Liquid chromatography-tandem mass spectrometry

HPLC fractions were dissolved in loading solvent and analyzed by an Ultimate 3000 HPLC system coupled to a high-field Q-Exactive (HFX) Orbitrap mass spectrometer (Thermo Scientific). Peptides were initially trapped in loading solvent, before RP separation with a 60 min linear acetonitrile in water gradient of 2–25% across a 75 mm 350 cm PepMap RSLC C18 EasySpray column (Thermo Scientific) at a flow rate of 250 nl/min. Gradient solvents contained an additional 1%(v/v) DMSO and 0.1%(v/v) formic acid. An EasySpray source was used to ionize peptides at 2000 V, and peptide ions were introduced to the MS at a transfer tube temperature of 250 °C. Ions were analyzed by data-dependent acquisition. Initially, a full-MS1 scan (120,000 resolution, 60 ms accumulation time, AGC 3 × 10⁶) was followed by 20 data-dependent MS2 scans (60,000 resolution, 120 ms accumulation time, AGC 5 × 10⁵), with an isolation width of 1.6 m/z and normalized HCD energy of 25%. Charge states of 1–4 were selected for fragmentation.
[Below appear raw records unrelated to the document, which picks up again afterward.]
lemma ls_estimate_error:
  assumes \<mu>: "\<mu> \<in> carrier_vec d" and \<nu>: "\<nu> \<in> carrier_vec d0"
  shows "(B *\<^sub>v \<nu>) \<bullet> \<mu> - (B *\<^sub>v \<nu>) \<bullet> ls_estimate D (delay_vec m d0 B \<sigma> \<mu> e)
    = - (\<Sum>t<m * d0. \<nu> $ \<sigma> t * e t) / real m"
proof -
  define \<xi> where "\<xi> = vec d0 (\<lambda>j. \<Sum>t | t < m * d0 \<and> \<sigma> t = j. e t)"
  have "(B *\<^sub>v \<nu>) \<bullet> ls_estimate D (delay_vec m d0 B \<sigma> \<mu> e)
      = \<nu> \<bullet> (transpose_mat B *\<^sub>v \<mu> + (1 / real m) \<cdot>\<^sub>v \<xi>)"
    unfolding \<xi>_def transpose_mult_ls_estimate[OF \<mu>, symmetric]
    by (rule scalar_prod_mult_mat_vec[OF carrier \<nu> ls_estimate_carrier])
  also have "\<dots> = (B *\<^sub>v \<nu>) \<bullet> \<mu> + (\<nu> \<bullet> \<xi>) / real m"
    using \<mu> \<nu> carrier by (simp add: \<xi>_def scalar_prod_add_distrib[of _ d0] scalar_prod_mult_mat_vec)
  also have "\<nu> \<bullet> \<xi> = (\<Sum>j<d0. \<nu> $ j * (\<Sum>t | t < m * d0 \<and> \<sigma> t = j. e t))"
    unfolding \<xi>_def using \<nu> by (simp add: scalar_prod_def atLeast0LessThan)
  also have "\<dots> = (\<Sum>t<m * d0. \<nu> $ \<sigma> t * e t)"
    by (rule sum_mult_group_by[symmetric]) (rule epoch_schedule_less[OF schedule])
  finally show ?thesis
    by simp
qed

lemma ls_estimate_error_ge_imp_noise_ge:
  assumes basis: "is_basis_of d d0 B A" and "finite A" and "a \<in> A" and "\<mu> \<in> carrier_vec d"
    and "0 < d0"
    and ge: "coeff_bound d0 B A * r \<le> \<bar>a \<bullet> \<mu> - a \<bullet> ls_estimate D (delay_vec m d0 B \<sigma> \<mu> e)\<bar>"
  shows "real m * r \<le> (\<Sum>j<d0. \<bar>\<Sum>t | t < m * d0 \<and> \<sigma> t = j. e t\<bar>)"
proof -
  define S where "S = coeff_bound d0 B A"
  define \<nu> where "\<nu> = coeffs d0 B a"
  have \<nu>: "\<nu> \<in> carrier_vec d0" "B *\<^sub>v \<nu> = a"
    unfolding \<nu>_def using is_basis_of_coeffs[OF basis \<open>a \<in> A\<close>] by simp_all
  have "S * r \<le> \<bar>\<Sum>t<m * d0. \<nu> $ \<sigma> t * e t\<bar> / m"
    using ge ls_estimate_error[OF \<open>\<mu> \<in> carrier_vec d\<close> \<nu>(1)] \<nu>(2) by (simp add: S_def)
  also have "\<dots> \<le> S * (\<Sum>j<d0. \<bar>\<Sum>t | t < m * d0 \<and> \<sigma> t = j. e t\<bar>) / m"
    using abs_coeffs_le_coeff_bound[OF \<open>finite A\<close> \<open>a \<in> A\<close>] unfolding S_def \<nu>_def
    by (intro divide_right_mono abs_sum_le_sum_abs_group epoch_schedule_less[OF schedule]) auto
  finally have "S * (real m * r) \<le> S * (\<Sum>j<d0. \<bar>\<Sum>t | t < m * d0 \<and> \<sigma> t = j. e t\<bar>)"
    using m_pos by (simp add: pos_le_divide_eq ac_simps)
  moreover have "0 < S"
    using one_le_coeff_bound[OF basis \<open>finite A\<close> \<open>0 < d0\<close>] by (simp add: S_def)
  ultimately show ?thesis
    by simp
qed

end

section \<open>Sums of conditionally sub-Gaussian noise\<close>

lemma (in sigma_finite_subalgebra) nn_cond_exp_eq_real_cond_exp:
  assumes [measurable]: "g \<in> borel_measurable M" and "integrable M g" and "\<And>x. 0 \<le> g x"
  shows "AE x in M. nn_cond_exp M F (\<lambda>x. ennreal (g x)) x = ennreal (real_cond_exp M F g x)"
proof -
  have "(\<integral>\<^sup>+ x. nn_cond_exp M F (\<lambda>x. ennreal (g x)) x \<partial>M) = (\<integral>\<^sup>+ x. ennreal (g x) \<partial>M)"
    using nn_cond_exp_intg[of "\<lambda>_. 1" "\<lambda>x. ennreal (g x)"] by simp
  also have "\<dots> < \<infinity>"
    using assms(2,3) by (simp add: integrable_iff_bounded)
  finally have "AE x in M. nn_cond_exp M F (\<lambda>x. ennreal (g x)) x \<noteq> \<infinity>"
    by (intro nn_integral_PInf_AE) auto
  moreover have "AE x in M. nn_cond_exp M F (\<lambda>x. ennreal (- g x)) x = 0"
  proof -
    have "(\<integral>\<^sup>+ x. nn_cond_exp M F (\<lambda>x. ennreal (- g x)) x \<partial>M) = (\<integral>\<^sup>+ x. ennreal (- g x) \<partial>M)"
      using nn_cond_exp_intg[of "\<lambda>_. 1" "\<lambda>x. ennreal (- g x)"] by simp
    also have "\<dots> = 0" using assms(3) by (simp add: ennreal_neg)
    finally show ?thesis by (subst (asm) nn_integral_0_iff_AE) auto
  qed
  ultimately show ?thesis
    by eventually_elim (auto simp: real_cond_exp_def less_top)
qed

locale cond_subgaussian = prob_space M
  for M :: "'w measure" +
  fixes F :: "nat \<Rightarrow> 'w measure" and \<eta> :: "nat \<Rightarrow> 'w \<Rightarrow> real" and n :: nat and R :: real
  assumes subalgebra: "\<And>t. t < n \<Longrightarrow> subalgebra M (F t)"
    and adapted: "\<And>s t. s < t \<Longrightarrow> t < n \<Longrightarrow> \<eta> s \<in> borel_measurable (F t)"
    and random_variable: "\<And>t. t < n \<Longrightarrow> \<eta> t \<in> borel_measurable M"
    and exp_integrable: "\<And>t \<alpha>. t < n \<Longrightarrow> integrable M (\<lambda>x. exp (\<alpha> * \<eta> t x))"
    and cond_mgf_le: "\<And>t \<alpha>. t < n \<Longrightarrow>
      AE x in M. real_cond_exp M (F t) (\<lambda>y. exp (\<alpha> * \<eta> t y)) x \<le> exp (\<alpha>\<^sup>2 * R\<^sup>2 / 2)"
begin

lemma nn_integral_exp_sum_le:
  "k \<le> n \<Longrightarrow> (\<integral>\<^sup>+x. exp (\<Sum>t<k. c t * \<eta> t x) \<partial>M) \<le> exp (R\<^sup>2 * (\<Sum>t<k. (c t)\<^sup>2) / 2)"
proof (induction k)
  case 0
  then show ?case by (simp add: emeasure_space_1)
next
  case (Suc k)
  then have k: "k < n" by simp
  interpret finite_measure_subalgebra M "F k"
    by unfold_locales (rule subalgebra[OF k])
  define f where "f = (\<lambda>x. ennreal (exp (\<Sum>t<k. c t * \<eta> t x)))"
  define g where "g = (\<lambda>x. exp (c k * \<eta> k x))"
  have "(\<lambda>x. \<Sum>t<k. c t * \<eta> t x) \<in> borel_measurable (F k)"
    using adapted k by (intro borel_measurable_sum borel_measurable_times borel_measurable_const) auto
  then have [measurable]: "f \<in> borel_measurable (F k)"
    unfolding f_def by measurable
  have [measurable]: "g \<in> borel_measurable M"
    unfolding g_def using random_variable[OF k] by simp
  have "AE x in M. nn_cond_exp M (F k) (\<lambda>x. ennreal (g x)) x = real_cond_exp M (F k) g x"
    using exp_integrable[OF k] by (intro nn_cond_exp_eq_real_cond_exp) (auto simp: g_def)
  moreover have "AE x in M. real_cond_exp M (F k) g x \<le> exp (R\<^sup>2 * (c k)\<^sup>2 / 2)"
    using cond_mgf_le[OF k, of "c k"] by (simp add: g_def power_mult_distrib mult.commute)
  ultimately have cond_g: "AE x in M. nn_cond_exp M (F k) (\<lambda>x. ennreal (g x)) x \<le> exp (R\<^sup>2 * (c k)\<^sup>2 / 2)"
    by eventually_elim (simp add: ennreal_leI)
  have "(\<integral>\<^sup>+x. exp (\<Sum>t<Suc k. c t * \<eta> t x) \<partial>M) = (\<integral>\<^sup>+x. f x * g x \<partial>M)"
    by (simp add: f_def g_def exp_add ennreal_mult)
  also have "\<dots> = (\<integral>\<^sup>+x. f x * nn_cond_exp M (F k) (\<lambda>x. ennreal (g x)) x \<partial>M)"
    by (simp add: nn_cond_exp_intg)
  also have "\<dots> \<le> (\<integral>\<^sup>+x. f x * exp (R\<^sup>2 * (c k)\<^sup>2 / 2) \<partial>M)"
    using cond_g by (intro nn_integral_mono_AE) (auto elim!: eventually_mono intro: mult_left_mono)
  also have "\<dots> = (\<integral>\<^sup>+x. f x \<partial>M) * exp (R\<^sup>2 * (c k)\<^sup>2 / 2)"
    by (intro nn_integral_multc measurable_from_subalg[OF subalg]) simp
  also have "\<dots> \<le> ennreal (exp (R\<^sup>2 * (\<Sum>t<k. (c t)\<^sup>2) / 2)) * exp (R\<^sup>2 * (c k)\<^sup>2 / 2)"
    unfolding f_def using Suc by (intro mult_right_mono) auto
  also have "\<dots> = exp (R\<^sup>2 * (\<Sum>t<Suc k. (c t)\<^sup>2) / 2)"
    by (simp add: ennreal_mult[symmetric] exp_add[symmetric] add_divide_distrib algebra_simps)
  finally show ?case .
qed

lemma prob_sum_ge_le:
  assumes "0 < a" and "0 < R" and "0 < (\<Sum>t<n. (c t)\<^sup>2)"
  shows "prob {x \<in> space M. a \<le> (\<Sum>t<n. c t * \<eta> t x)}
    \<le> exp (- a\<^sup>2 / (2 * R\<^sup>2 * (\<Sum>t<n. (c t)\<^sup>2)))"
proof -
  define v where "v = (\<Sum>t<n. (c t)\<^sup>2)"
  define s where "s = a / (R\<^sup>2 * v)"
  have "0 < v" "0 < s" using assms by (simp_all add: v_def s_def)
  have [measurable]: "(\<lambda>x. \<Sum>t<n. c t * \<eta> t x) \<in> borel_measurable M"
    using random_variable by (intro borel_measurable_sum borel_measurable_times borel_measurable_const) auto
  have "emeasure M {x \<in> space M. a \<le> (\<Sum>t<n. c t * \<eta> t x)}
      \<le> ennreal (exp (- s * a)) * (\<integral>\<^sup>+x\<in>space M. exp (s * (\<Sum>t<n. c t * \<eta> t x)) \<partial>M)"
    using \<open>0 < s\<close> by (intro Chernoff_ineq_nn_integral_ge) auto
  also have "(\<integral>\<^sup>+x\<in>space M. exp (s * (\<Sum>t<n. c t * \<eta> t x)) \<partial>M)
      = (\<integral>\<^sup>+x. exp (\<Sum>t<n. (s * c t) * \<eta> t x) \<partial>M)"
    by (simp add: sum_distrib_left mult.assoc)
  also have "ennreal (exp (- s * a)) * \<dots> \<le> ennreal (exp (- s * a)) * exp (R\<^sup>2 * (\<Sum>t<n. (s * c t)\<^sup>2) / 2)"
    by (intro mult_left_mono nn_integral_exp_sum_le) simp_all
  also have "ennreal (exp (- s * a)) * ennreal (exp (R\<^sup>2 * (\<Sum>t<n. (s * c t)\<^sup>2) / 2))
      = exp (- a\<^sup>2 / (2 * R\<^sup>2 * v))"
  proof -
    have "(\<Sum>t<n. (s * c t)\<^sup>2) = s\<^sup>2 * v"
      by (simp add: v_def power_mult_distrib sum_distrib_left)
    moreover have "- s * a + R\<^sup>2 * (s\<^sup>2 * v) / 2 = - a\<^sup>2 / (2 * R\<^sup>2 * v)"
      using \<open>0 < v\<close> assms(2) by (simp add: s_def field_simps power2_eq_square)
    ultimately have "- s * a + R\<^sup>2 * (\<Sum>t<n. (s * c t)\<^sup>2) / 2 = - a\<^sup>2 / (2 * R\<^sup>2 * v)"
      by simp
    then show ?thesis by (simp flip: ennreal_mult exp_add)
  qed
  finally show ?thesis
    by (simp add: v_def emeasure_eq_measure)
qed

lemma borel_measurable_sum_abs_group:
  "(\<lambda>x. \<Sum>j<k. \<bar>\<Sum>t | t < n \<and> \<sigma> t = j. \<eta> t x\<bar>) \<in> borel_measurable M"
  using random_variable by (intro borel_measurable_sum borel_measurable_abs) auto

lemma prob_sign_sum_ge_le:
  fixes \<sigma> :: "nat \<Rightarrow> nat"
  assumes "s \<in> {..<k} \<rightarrow>\<^sub>E {-1, 1}" and "\<And>t. t < n \<Longrightarrow> \<sigma> t < k"
    and "0 < n" and "0 < R" and "0 < a"
  shows "prob {x \<in> space M. a \<le> (\<Sum>t<n. s (\<sigma> t) * \<eta> t x)} \<le> exp (- a\<^sup>2 / (2 * R\<^sup>2 * n))"
proof -
  have "(s (\<sigma> t))\<^sup>2 = 1" if "t < n" for t
    using assms(1) assms(2)[OF that] by (auto dest!: PiE_mem)
  then have "(\<Sum>t<n. (s (\<sigma> t))\<^sup>2) = n"
    by simp
  then show ?thesis
    using prob_sum_ge_le[of a "\<lambda>t. s (\<sigma> t)"] assms(3-5) by simp
qed

lemma prob_sum_abs_group_ge:
  fixes \<sigma> :: "nat \<Rightarrow> nat"
  assumes \<sigma>_less: "\<And>t. t < n \<Longrightarrow> \<sigma> t < k" and "0 < n" and "0 < R" and "0 < a"
  shows "prob {x \<in> space M. a \<le> (\<Sum>j<k. \<bar>\<Sum>t | t < n \<and> \<sigma> t = j. \<eta> t x\<bar>)}
    \<le> 2 ^ k * exp (- a\<^sup>2 / (2 * R\<^sup>2 * n))"
proof -
  define signs where "signs = {..<k} \<rightarrow>\<^sub>E {-1, 1 :: real}"
  define E where "E s = {x \<in> space M. a \<le> (\<Sum>t<n. s (\<sigma> t) * \<eta> t x)}" for s
  have E_sets: "E s \<in> sets M" for s
  proof -
    have "(\<lambda>x. \<Sum>t<n. s (\<sigma> t) * \<eta> t x) \<in> borel_measurable M"
      using random_variable by (intro borel_measurable_sum borel_measurable_times borel_measurable_const) auto
    then show ?thesis
      unfolding E_def by measurable
  qed
  have "{x \<in> space M. a \<le> (\<Sum>j<k. \<bar>\<Sum>t | t < n \<and> \<sigma> t = j. \<eta> t x\<bar>)} \<subseteq> (\<Union>s\<in>signs. E s)"
  proof
    fix x assume x: "x \<in> {x \<in> space M. a \<le> (\<Sum>j<k. \<bar>\<Sum>t | t < n \<and> \<sigma> t = j. \<eta> t x\<bar>)}"
    obtain s where "s \<in> signs"
      and "(\<Sum>j<k. \<bar>\<Sum>t | t < n \<and> \<sigma> t = j. \<eta> t x\<bar>) = (\<Sum>t<n. s (\<sigma> t) * \<eta> t x)"
      unfolding signs_def by (rule sum_abs_group_eq_sign_sum[OF \<sigma>_less, where e = "\<lambda>t. \<eta> t x"])
    with x show "x \<in> (\<Union>s\<in>signs. E s)"
      by (auto simp: E_def)
  qed
  then have "prob {x \<in> space M. a \<le> (\<Sum>j<k. \<bar>\<Sum>t | t < n \<and> \<sigma> t = j. \<eta> t x\<bar>)}
      \<le> prob (\<Union>s\<in>signs. E s)"
    using E_sets unfolding signs_def by (intro finite_measure_mono sets.finite_UN finite_PiE) auto
  also have "\<dots> \<le> (\<Sum>s\<in>signs. prob (E s))"
    using E_sets unfolding signs_def by (intro measure_UNION_le finite_PiE) auto
  also have "\<dots> \<le> (\<Sum>s\<in>signs. exp (- a\<^sup>2 / (2 * R\<^sup>2 * n)))"
    unfolding E_def signs_def using assms by (intro sum_mono prob_sign_sum_ge_le) auto
  also have "\<dots> = 2 ^ k * exp (- a\<^sup>2 / (2 * R\<^sup>2 * n))"
    by (simp add: signs_def card_PiE)
  finally show ?thesis .
qed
Dynamic exclusion was set for 30 s. Each sample was acquired once.

Analysis of LC-MS/MS datasets

The analysis of all LC-MS/MS data sets (.raw files) was performed using PEAKS v10 software (Bioinformatic Solutions). No enzyme was specified during the peptide spectral matching, and mass tolerance settings of 5 ppm (for precursor ions) and 0.03 Da (for fragment ions) were used. Spectral sequence annotation was performed against the annotated Homo sapiens Swiss-Prot database appended with a 6-frame translation of the HIV-1 NL4-3 or NL4-3 PolV472A genome, respectively. A false discovery rate of 1% was set using a parallel decoy database search. Further filtering was performed to exclude known HLA-II contaminants⁶⁸.

Reporting summary

Further information on research design is available in the Nature Portfolio Reporting Summary linked to this article.